TASK ITEM – Could you set down exactly the lines in the records below between the line holding "set) \<rho> n p." and the line holding "by (rule ultimately_periodic_common)", inclusive?

•••••

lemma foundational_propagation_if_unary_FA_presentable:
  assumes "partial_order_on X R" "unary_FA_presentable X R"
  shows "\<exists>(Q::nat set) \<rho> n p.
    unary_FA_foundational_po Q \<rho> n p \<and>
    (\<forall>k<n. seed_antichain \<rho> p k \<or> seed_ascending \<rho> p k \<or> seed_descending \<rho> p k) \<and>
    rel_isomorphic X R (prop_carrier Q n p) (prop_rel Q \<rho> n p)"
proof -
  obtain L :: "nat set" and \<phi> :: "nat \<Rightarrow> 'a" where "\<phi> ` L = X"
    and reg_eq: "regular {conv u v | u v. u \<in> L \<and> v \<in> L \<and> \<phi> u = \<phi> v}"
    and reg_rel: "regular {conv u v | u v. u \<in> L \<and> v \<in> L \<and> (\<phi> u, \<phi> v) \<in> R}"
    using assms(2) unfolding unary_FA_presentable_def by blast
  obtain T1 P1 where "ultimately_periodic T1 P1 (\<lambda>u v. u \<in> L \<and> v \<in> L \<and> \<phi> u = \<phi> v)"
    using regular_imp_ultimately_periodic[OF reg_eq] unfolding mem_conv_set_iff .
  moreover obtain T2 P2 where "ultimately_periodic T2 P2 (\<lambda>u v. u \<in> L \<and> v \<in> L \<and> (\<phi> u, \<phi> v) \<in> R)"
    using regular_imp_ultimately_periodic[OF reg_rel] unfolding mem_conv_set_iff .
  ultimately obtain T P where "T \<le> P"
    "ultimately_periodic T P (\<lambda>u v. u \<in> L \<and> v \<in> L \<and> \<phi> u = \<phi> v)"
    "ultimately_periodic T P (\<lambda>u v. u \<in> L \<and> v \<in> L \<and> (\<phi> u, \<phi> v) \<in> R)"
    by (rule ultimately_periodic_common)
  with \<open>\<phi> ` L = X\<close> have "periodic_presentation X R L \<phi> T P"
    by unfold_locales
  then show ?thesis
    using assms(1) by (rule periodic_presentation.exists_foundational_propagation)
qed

•••••

RESPONSE FOR THIS EXERCISE –
  shows "\<exists>(Q::nat set) \<rho> n p.
    unary_FA_foundational_po Q \<rho> n p \<and>
    (\<forall>k<n. seed_antichain \<rho> p k \<or> seed_ascending \<rho> p k \<or> seed_descending \<rho> p k) \<and>
    rel_isomorphic X R (prop_carrier Q n p) (prop_rel Q \<rho> n p)"
proof -
  obtain L :: "nat set" and \<phi> :: "nat \<Rightarrow> 'a" where "\<phi> ` L = X"
    and reg_eq: "regular {conv u v | u v. u \<in> L \<and> v \<in> L \<and> \<phi> u = \<phi> v}"
    and reg_rel: "regular {conv u v | u v. u \<in> L \<and> v \<in> L \<and> (\<phi> u, \<phi> v) \<in> R}"
    using assms(2) unfolding unary_FA_presentable_def by blast
  obtain T1 P1 where "ultimately_periodic T1 P1 (\<lambda>u v. u \<in> L \<and> v \<in> L \<and> \<phi> u = \<phi> v)"
    using regular_imp_ultimately_periodic[OF reg_eq] unfolding mem_conv_set_iff .
  moreover obtain T2 P2 where "ultimately_periodic T2 P2 (\<lambda>u v. u \<in> L \<and> v \<in> L \<and> (\<phi> u, \<phi> v) \<in> R)"
    using regular_imp_ultimately_periodic[OF reg_rel] unfolding mem_conv_set_iff .
  ultimately obtain T P where "T \<le> P"
    "ultimately_periodic T P (\<lambda>u v. u \<in> L \<and> v \<in> L \<and> \<phi> u = \<phi> v)"
    "ultimately_periodic T P (\<lambda>u v. u \<in> L \<and> v \<in> L \<and> (\<phi> u, \<phi> v) \<in> R)"
    by (rule ultimately_periodic_common)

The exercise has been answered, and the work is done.